Vatican probes claims of apparitions at Medjugorje
(March 18, 2010) The Vatican has opened an investigation into reported apparitions
of the Virgin Mary at the small town of Medjugorje in southern Bosnia which have drawn
more than 30 million pilgrims. The Congregation for the Doctrine of the Faith, the
Vatican's top doctrinal body, has named an international commission of inquiry of
some 20 cardinals, bishops, theologians and experts, headed by Italian Cardinal Camillo
Ruini, former Vicar of Rome diocese, the Vatican said on Wednesday. Since six children
first reported visions of the Virgin Mary on a hillside near Medjugorje in 1981 -
reminiscent of famous apparitions in the French town of Lourdes and Fatima in Portugal
- Catholics have debated whether the visions were a modern-day miracle, wishful thinking
or an elaborate fraud. Unlike Fatima or Lourdes, the Vatican has not officially recognised
the apparitions in the small town, some 100 km southwest of Sarajevo, and claims about
it are controversial. Bishop Ratko Peric of Mostar, the nearest city in Bosnia, warned
Catholics last year against uncritical belief in the Medjugorje sightings and issued
a series of restrictions on the parish. Vatican spokesman, Fr.
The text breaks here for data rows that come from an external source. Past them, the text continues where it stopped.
lemma bounded_linear_funpow:
  fixes f :: "'a::real_normed_vector \<Rightarrow> 'a"
  assumes "bounded_linear f"
  shows "bounded_linear (f ^^ n)"
proof (induction n)
  case 0
  show ?case by (simp add: bounded_linear_ident id_def)
next
  case (Suc n)
  then show ?case using bounded_linear_compose[OF assms] by (simp add: o_def)
qed

lemma funpow_commute: "(f ^^ m) ((f ^^ n) x) = (f ^^ n) ((f ^^ m) x)"
  by (metis funpow_add add.commute comp_apply)

lemma at_within_atLeast_nontrivial: "a \<le> (t::real) \<Longrightarrow> at t within {a..} \<noteq> bot"
proof -
  assume "a \<le> t"
  then have "t islimpt {a..t+1}" by (simp add: islimpt_Icc)
  then have "t islimpt {a..}" by (rule islimpt_subset) auto
  then show ?thesis by (simp add: trivial_limit_within)
qed

lemma derivatives_in_kernel:
  assumes L: "bounded_linear L"
    and f0: "\<forall>t\<ge>0. L (f 0 t) = 0"
    and f_deriv: "\<forall>i<n. \<forall>t\<ge>0. (f i has_vector_derivative f (Suc i) t) (at t within {0..})"
  shows "i \<le> n \<Longrightarrow> t \<ge> 0 \<Longrightarrow> L (f i t) = 0"
proof (induction i arbitrary: t)
  case 0
  then show ?case using f0 by simp
next
  case (Suc i)
  have "((\<lambda>s. L (f i s)) has_vector_derivative L (f (Suc i) t)) (at t within {0..})"
    using bounded_linear.has_vector_derivative[OF L] f_deriv Suc.prems by simp
  moreover have "((\<lambda>s. L (f i s)) has_vector_derivative 0) (at t within {0..})"
    by (rule has_vector_derivative_transform[where f="\<lambda>s. 0"]) (use Suc in auto)
  ultimately show ?case
    using vector_derivative_unique_within at_within_atLeast_nontrivial Suc.prems by blast
qed

lemma classical_solution_cong:
  assumes x: "classical_solution E A D f x" and eq: "\<And>t. t \<ge> 0 \<Longrightarrow> y t = x t"
  shows "classical_solution E A D f y"
proof -
  obtain g where "continuous_on {0..} g"
    and "\<forall>t\<ge>0. ((\<lambda>s. E (x s)) has_vector_derivative g t) (at t within {0..})"
    and "\<forall>t\<ge>0. x t \<in> D \<and> g t = A (x t) + f t"
    using x by (auto simp: classical_solution_def)
  moreover have "continuous_on {0..} y"
    using x eq continuous_on_cong[of "{0..}" "{0..}" y x] by (simp add: classical_solution_def)
  ultimately show ?thesis
    unfolding classical_solution_def
    by (auto intro!: exI[of _ g] intro: has_vector_derivative_transform simp: eq)
qed

lemma classical_solution_nilpotent:
  fixes E :: "'x::complex_normed_vector \<Rightarrow> 'z::complex_normed_vector"
  assumes E: "bounded_linear E" and A: "clinear_on D A" and J: "bounded_linear J"
    and right_inverse: "\<And>z. z \<in> Z \<Longrightarrow> J z \<in> D \<and> A (J z) = z"
    and invariant: "\<And>z. z \<in> Z \<Longrightarrow> E (J z) \<in> Z"
    and nilpotent: "\<And>z. z \<in> Z \<Longrightarrow> ((E \<circ> J) ^^ p) z = 0"
    and f_Z: "\<And>i t. i \<le> p \<Longrightarrow> t \<ge> 0 \<Longrightarrow> f i t \<in> Z"
    and f_deriv: "\<forall>i<p. \<forall>t\<ge>0. (f i has_vector_derivative f (Suc i) t) (at t within {0..})"
    and f_cont: "\<forall>i\<le>p. continuous_on {0..} (f i)"
  shows "classical_solution E A D (f 0) (\<lambda>t. - (\<Sum>i\<le>p. J (((E \<circ> J) ^^ i) (f i t))))"
proof -
  define N where "N = E \<circ> J"
  define x where "x t = - (\<Sum>i\<le>p. J ((N ^^ i) (f i t)))" for t
  define g where "g t = - (\<Sum>i<p. (N ^^ Suc i) (f (Suc i) t))" for t
  have N: "bounded_linear N" using bounded_linear_compose[OF E J] by (simp add: N_def o_def)
  have NZ: "z \<in> Z \<Longrightarrow> (N ^^ i) z \<in> Z" for i z
    by (induction i) (auto simp: N_def invariant)
  have Ex: "E (x t) = - (\<Sum>i<p. (N ^^ Suc i) (f i t))" if "t \<ge> 0" for t
  proof -
    have "E (x t) = - (\<Sum>i\<le>p. (N ^^ Suc i) (f i t))"
      by (simp add: x_def N_def linear_neg[OF bounded_linear.linear[OF E]]
          linear_sum[OF bounded_linear.linear[OF E]])
    moreover have "(N ^^ Suc p) (f p t) = 0"
      using nilpotent[OF f_Z[OF le_refl that]] linear_0[OF bounded_linear.linear[OF N]]
      by (simp add: N_def)
    ultimately show ?thesis by (simp add: lessThan_Suc_atMost[symmetric])
  qed
  have Ax: "x t \<in> D \<and> A (x t) = - (\<Sum>i\<le>p. (N ^^ i) (f i t))" if "t \<ge> 0" for t
  proof -
    have "\<forall>i\<in>{..p}. J ((N ^^ i) (f i t)) \<in> D"
      using right_inverse NZ f_Z that by auto
    from clinear_on_sum[OF A finite_atMost this] show ?thesis
      using clinear_on_uminus[OF A] right_inverse NZ f_Z that by (simp add: x_def)
  qed
  have "continuous_on {0..} x"
    unfolding x_def
    by (intro continuous_on_minus continuous_on_sum bounded_linear.continuous_on[OF J]
        bounded_linear.continuous_on[OF bounded_linear_funpow[OF N]]) (use f_cont in auto)
  moreover have "continuous_on {0..} g"
    unfolding g_def
    by (intro continuous_on_minus continuous_on_sum
        bounded_linear.continuous_on[OF bounded_linear_funpow[OF N]]) (use f_cont in auto)
  moreover have "((\<lambda>s. E (x s)) has_vector_derivative g t) (at t within {0..})" if "t \<ge> 0" for t
  proof (rule has_vector_derivative_transform[OF _ Ex])
    show "((\<lambda>s. - (\<Sum>i<p. (N ^^ Suc i) (f i s))) has_vector_derivative g t) (at t within {0..})"
      unfolding g_def
      by (intro has_vector_derivative_minus has_vector_derivative_sum
          bounded_linear.has_vector_derivative[OF bounded_linear_funpow[OF N]])
        (use f_deriv that in auto)
  qed (use that in auto)
  moreover have "g t = A (x t) + f 0 t" if "t \<ge> 0" for t
    using Ax[OF that] by (simp add: g_def sum.atMost_shift)
  ultimately show ?thesis
    using Ax unfolding classical_solution_def N_def[symmetric] x_def[symmetric] by blast
qed

locale pencil_regular_at =
  fixes E :: "'x::complex_normed_vector \<Rightarrow> 'z::complex_normed_vector"
    and A :: "'x \<Rightarrow> 'z" and D :: "'x set" and \<mu> :: complex
  assumes E: "cbounded_linear E" and A: "clinear_on D A" and mu: "\<mu> \<in> resolvent_set E A D"
begin

abbreviation "R \<equiv> resolvent E A D \<mu>"
abbreviation "Rl \<equiv> R_l E A D \<mu>"
abbreviation "Rr \<equiv> R_r E A D \<mu>"
abbreviation "X_ker p \<equiv> {x. (Rr ^^ p) x = 0}"
abbreviation "Z_ker p \<equiv> {z. (Rl ^^ p) z = 0}"

lemma resolvent_mem: "R z \<in> D"
  and pencil_resolvent: "\<mu> *\<^sub>C E (R z) - A (R z) = z"
  and resolvent_pencil: "x \<in> D \<Longrightarrow> R (\<mu> *\<^sub>C E x - A x) = x"
proof -
  have bij: "bij_betw (pencil E A \<mu>) D UNIV"
    using mu by (simp add: resolvent_set_def)
  then show "R z \<in> D"
    by (simp add: resolvent_def the_inv_into_into bij_betw_def)
  show "\<mu> *\<^sub>C E (R z) - A (R z) = z"
    using bij f_the_inv_into_f_bij_betw[OF bij] by (simp add: resolvent_def pencil_def)
  show "x \<in> D \<Longrightarrow> R (\<mu> *\<^sub>C E x - A x) = x"
    using bij the_inv_into_f_f[of "pencil E A \<mu>" D x]
    by (simp add: resolvent_def pencil_def bij_betw_def)
qed

lemma A_resolvent: "A (R z) = \<mu> *\<^sub>C Rl z - z"
  using pencil_resolvent[of z] by (simp add: R_l_def algebra_simps)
Federico Lombardi explained
on Wednesday that since the then bishops’ conference of former Yugoslavia, which no
longer exists, came to no conclusion with regard to the question of the supernatural
nature of the phenomena, the bishops of Bosnia and Herzegovina requested that the
Congregation for the Doctrine of the Faith in the Vatican to take up the matter.